= Beginning of Section =
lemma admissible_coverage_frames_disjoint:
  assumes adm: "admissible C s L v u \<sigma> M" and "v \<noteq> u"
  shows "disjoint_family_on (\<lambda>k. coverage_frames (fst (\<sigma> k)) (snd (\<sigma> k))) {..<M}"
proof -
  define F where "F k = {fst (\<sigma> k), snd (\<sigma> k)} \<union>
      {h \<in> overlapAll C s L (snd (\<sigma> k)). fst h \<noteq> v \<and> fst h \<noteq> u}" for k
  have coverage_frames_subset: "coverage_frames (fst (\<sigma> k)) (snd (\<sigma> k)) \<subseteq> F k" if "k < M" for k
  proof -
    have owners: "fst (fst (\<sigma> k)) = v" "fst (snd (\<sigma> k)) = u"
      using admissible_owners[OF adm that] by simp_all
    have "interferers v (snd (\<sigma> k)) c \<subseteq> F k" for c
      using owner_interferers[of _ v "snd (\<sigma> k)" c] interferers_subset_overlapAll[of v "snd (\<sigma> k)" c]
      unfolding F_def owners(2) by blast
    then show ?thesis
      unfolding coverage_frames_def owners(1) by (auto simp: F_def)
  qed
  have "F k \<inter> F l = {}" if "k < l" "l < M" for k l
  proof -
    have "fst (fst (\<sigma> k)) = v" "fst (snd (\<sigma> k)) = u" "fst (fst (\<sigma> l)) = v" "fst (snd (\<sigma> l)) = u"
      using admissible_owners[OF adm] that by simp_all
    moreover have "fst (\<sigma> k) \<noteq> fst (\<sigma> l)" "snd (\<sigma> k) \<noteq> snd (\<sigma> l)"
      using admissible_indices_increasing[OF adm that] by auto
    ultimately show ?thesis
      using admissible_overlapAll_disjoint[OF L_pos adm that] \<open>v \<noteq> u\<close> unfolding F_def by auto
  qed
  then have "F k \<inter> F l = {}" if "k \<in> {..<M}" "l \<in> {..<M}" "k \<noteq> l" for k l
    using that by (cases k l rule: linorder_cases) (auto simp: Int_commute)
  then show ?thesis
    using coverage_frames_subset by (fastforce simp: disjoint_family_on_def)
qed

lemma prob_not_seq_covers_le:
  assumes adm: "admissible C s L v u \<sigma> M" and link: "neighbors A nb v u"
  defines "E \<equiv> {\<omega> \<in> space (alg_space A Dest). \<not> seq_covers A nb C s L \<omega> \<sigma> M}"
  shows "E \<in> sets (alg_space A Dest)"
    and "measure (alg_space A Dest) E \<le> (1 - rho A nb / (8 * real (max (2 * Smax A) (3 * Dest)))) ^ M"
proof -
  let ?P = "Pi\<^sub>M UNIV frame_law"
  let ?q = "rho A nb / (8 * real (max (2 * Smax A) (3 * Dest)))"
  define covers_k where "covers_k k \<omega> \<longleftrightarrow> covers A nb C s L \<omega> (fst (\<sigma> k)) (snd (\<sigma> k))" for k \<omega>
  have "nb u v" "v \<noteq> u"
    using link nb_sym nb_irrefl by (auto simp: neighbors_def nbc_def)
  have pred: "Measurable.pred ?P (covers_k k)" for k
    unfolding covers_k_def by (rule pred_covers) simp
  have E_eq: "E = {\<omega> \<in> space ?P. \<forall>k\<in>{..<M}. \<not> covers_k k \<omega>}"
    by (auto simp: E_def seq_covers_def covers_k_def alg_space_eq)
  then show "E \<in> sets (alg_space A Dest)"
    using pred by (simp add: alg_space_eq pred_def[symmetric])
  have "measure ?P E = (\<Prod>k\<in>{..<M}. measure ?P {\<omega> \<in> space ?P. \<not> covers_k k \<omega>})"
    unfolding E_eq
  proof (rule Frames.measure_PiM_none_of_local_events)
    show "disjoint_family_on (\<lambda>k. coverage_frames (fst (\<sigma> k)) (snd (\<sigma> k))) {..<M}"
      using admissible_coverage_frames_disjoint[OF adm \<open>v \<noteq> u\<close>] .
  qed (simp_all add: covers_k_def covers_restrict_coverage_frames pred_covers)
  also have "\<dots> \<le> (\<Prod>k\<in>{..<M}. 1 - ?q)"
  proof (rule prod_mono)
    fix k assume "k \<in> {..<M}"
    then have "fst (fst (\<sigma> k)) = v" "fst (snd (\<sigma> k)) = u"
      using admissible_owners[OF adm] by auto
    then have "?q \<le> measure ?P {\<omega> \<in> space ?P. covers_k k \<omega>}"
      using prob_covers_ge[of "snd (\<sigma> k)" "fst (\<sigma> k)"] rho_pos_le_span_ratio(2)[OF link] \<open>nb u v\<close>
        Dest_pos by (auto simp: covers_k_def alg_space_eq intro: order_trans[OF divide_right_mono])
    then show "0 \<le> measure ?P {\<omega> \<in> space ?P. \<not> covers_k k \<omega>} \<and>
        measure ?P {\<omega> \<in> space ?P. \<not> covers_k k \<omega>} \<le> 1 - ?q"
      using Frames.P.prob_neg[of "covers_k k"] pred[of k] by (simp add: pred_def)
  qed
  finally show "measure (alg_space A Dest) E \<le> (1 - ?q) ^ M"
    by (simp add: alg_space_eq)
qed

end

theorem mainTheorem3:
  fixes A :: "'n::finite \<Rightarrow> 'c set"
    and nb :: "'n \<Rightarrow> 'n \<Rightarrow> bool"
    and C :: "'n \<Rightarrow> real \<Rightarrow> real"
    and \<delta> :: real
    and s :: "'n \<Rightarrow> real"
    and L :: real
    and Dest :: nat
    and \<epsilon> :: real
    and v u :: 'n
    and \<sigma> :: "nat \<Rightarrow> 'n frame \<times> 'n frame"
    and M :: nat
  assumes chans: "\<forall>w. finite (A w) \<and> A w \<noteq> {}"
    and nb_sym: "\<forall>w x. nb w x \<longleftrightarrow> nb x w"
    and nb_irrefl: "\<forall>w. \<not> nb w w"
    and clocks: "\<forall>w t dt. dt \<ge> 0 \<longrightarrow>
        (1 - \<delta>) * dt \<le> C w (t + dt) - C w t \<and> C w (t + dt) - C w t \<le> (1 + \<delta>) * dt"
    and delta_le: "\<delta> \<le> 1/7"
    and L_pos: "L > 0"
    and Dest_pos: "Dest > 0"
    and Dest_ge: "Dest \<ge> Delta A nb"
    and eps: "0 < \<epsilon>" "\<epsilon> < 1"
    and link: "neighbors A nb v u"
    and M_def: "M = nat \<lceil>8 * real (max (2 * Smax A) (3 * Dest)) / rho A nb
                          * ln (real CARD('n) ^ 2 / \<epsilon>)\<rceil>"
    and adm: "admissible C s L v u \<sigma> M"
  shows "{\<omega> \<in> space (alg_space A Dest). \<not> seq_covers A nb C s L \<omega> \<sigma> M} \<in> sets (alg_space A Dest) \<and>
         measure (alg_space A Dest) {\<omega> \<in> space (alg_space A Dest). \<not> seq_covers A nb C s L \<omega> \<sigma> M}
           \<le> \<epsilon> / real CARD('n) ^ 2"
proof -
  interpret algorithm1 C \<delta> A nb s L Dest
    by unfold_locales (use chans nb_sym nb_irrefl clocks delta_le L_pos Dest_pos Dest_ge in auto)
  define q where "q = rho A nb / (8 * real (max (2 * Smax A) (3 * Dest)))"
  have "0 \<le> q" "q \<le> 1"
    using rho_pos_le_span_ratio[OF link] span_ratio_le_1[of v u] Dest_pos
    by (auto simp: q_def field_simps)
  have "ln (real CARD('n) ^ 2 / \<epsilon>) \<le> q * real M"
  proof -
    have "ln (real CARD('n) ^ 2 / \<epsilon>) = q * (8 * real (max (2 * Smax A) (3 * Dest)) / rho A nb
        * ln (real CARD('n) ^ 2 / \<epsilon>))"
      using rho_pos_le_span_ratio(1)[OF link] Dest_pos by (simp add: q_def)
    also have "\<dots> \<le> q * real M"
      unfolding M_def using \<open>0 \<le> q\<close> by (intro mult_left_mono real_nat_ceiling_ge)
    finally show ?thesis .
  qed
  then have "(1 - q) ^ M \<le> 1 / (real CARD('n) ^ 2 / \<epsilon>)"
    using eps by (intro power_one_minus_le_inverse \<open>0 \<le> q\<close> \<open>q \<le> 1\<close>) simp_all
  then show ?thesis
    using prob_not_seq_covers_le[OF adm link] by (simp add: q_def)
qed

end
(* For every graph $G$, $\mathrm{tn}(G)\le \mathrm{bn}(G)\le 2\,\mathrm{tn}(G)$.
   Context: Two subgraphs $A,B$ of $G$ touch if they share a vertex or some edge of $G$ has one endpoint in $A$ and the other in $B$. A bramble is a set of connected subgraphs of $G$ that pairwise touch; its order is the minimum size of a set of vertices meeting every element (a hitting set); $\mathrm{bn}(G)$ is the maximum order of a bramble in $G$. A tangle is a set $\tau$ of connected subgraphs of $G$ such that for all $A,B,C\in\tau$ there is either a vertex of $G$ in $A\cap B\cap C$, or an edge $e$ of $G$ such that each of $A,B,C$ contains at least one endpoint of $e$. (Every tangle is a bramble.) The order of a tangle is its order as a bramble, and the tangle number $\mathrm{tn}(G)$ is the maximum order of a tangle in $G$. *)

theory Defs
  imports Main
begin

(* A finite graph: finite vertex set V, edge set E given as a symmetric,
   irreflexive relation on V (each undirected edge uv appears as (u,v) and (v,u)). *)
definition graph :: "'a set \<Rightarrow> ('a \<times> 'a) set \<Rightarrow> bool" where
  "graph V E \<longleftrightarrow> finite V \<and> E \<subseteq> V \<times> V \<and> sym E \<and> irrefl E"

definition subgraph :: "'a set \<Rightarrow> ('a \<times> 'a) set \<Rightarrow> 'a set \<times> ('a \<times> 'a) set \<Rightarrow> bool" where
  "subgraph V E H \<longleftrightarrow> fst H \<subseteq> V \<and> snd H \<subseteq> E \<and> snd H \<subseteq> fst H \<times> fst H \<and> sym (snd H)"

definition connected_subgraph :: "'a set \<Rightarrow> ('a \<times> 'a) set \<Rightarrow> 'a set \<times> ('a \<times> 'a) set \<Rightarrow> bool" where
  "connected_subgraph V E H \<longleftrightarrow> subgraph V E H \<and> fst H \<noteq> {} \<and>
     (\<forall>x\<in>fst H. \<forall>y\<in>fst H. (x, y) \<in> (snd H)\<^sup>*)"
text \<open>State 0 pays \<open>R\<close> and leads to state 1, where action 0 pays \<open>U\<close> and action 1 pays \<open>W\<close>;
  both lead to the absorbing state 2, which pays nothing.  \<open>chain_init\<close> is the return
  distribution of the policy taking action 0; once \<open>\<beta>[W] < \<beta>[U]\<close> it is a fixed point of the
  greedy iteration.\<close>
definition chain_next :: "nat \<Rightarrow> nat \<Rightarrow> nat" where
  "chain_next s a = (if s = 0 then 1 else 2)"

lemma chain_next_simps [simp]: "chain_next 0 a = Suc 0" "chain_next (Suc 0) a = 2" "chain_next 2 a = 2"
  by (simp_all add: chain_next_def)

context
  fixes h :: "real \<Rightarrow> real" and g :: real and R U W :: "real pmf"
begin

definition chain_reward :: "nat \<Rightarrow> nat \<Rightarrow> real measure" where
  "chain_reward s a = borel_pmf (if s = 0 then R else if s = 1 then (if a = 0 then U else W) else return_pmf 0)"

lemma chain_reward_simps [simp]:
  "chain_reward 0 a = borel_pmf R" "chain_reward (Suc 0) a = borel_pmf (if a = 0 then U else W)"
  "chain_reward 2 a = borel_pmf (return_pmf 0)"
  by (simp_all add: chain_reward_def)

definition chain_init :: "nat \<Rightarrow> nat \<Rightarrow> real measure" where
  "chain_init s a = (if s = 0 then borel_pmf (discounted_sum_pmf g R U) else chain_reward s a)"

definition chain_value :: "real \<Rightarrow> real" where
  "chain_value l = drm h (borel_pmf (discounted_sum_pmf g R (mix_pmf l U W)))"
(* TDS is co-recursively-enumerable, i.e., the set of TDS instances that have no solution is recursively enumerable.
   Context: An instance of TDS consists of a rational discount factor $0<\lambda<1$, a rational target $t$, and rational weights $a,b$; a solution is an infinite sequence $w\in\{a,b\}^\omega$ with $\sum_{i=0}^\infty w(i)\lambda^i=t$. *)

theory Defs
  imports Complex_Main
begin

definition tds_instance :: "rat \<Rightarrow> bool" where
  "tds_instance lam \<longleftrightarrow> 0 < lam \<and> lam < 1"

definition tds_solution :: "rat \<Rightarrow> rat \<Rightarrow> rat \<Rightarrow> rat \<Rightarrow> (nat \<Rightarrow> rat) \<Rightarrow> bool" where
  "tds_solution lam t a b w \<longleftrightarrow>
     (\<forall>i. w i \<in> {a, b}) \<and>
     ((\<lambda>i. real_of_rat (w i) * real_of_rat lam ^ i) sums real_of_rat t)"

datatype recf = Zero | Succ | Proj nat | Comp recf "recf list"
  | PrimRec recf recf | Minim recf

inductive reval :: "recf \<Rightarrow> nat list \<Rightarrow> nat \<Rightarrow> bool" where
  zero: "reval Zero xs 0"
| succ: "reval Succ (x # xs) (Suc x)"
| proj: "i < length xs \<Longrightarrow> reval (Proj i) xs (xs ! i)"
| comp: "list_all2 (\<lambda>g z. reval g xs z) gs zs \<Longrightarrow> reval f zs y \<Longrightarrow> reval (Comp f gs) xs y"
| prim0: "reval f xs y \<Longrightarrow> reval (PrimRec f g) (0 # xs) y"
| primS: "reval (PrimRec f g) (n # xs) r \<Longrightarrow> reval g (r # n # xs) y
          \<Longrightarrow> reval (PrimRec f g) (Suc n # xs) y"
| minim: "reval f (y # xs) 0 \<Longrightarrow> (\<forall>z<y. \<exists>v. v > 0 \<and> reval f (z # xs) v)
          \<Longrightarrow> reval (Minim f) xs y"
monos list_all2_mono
= End of Section =
* [Task instructions]
Out of the data above, set down the lines from the one with "unfolding F_def owners(2) by blast" to the one with "ultimately show ?thesis", both included, exactly as written and with no additions.

* [Written response]
      unfolding F_def owners(2) by blast
    then show ?thesis
      unfolding coverage_frames_def owners(1) by (auto simp: F_def)
  qed
  have "F k \<inter> F l = {}" if "k < l" "l < M" for k l
  proof -
    have "fst (fst (\<sigma> k)) = v" "fst (snd (\<sigma> k)) = u" "fst (fst (\<sigma> l)) = v" "fst (snd (\<sigma> l)) = u"
      using admissible_owners[OF adm] that by simp_all
    moreover have "fst (\<sigma> k) \<noteq> fst (\<sigma> l)" "snd (\<sigma> k) \<noteq> snd (\<sigma> l)"
      using admissible_indices_increasing[OF adm that] by auto
    ultimately show ?thesis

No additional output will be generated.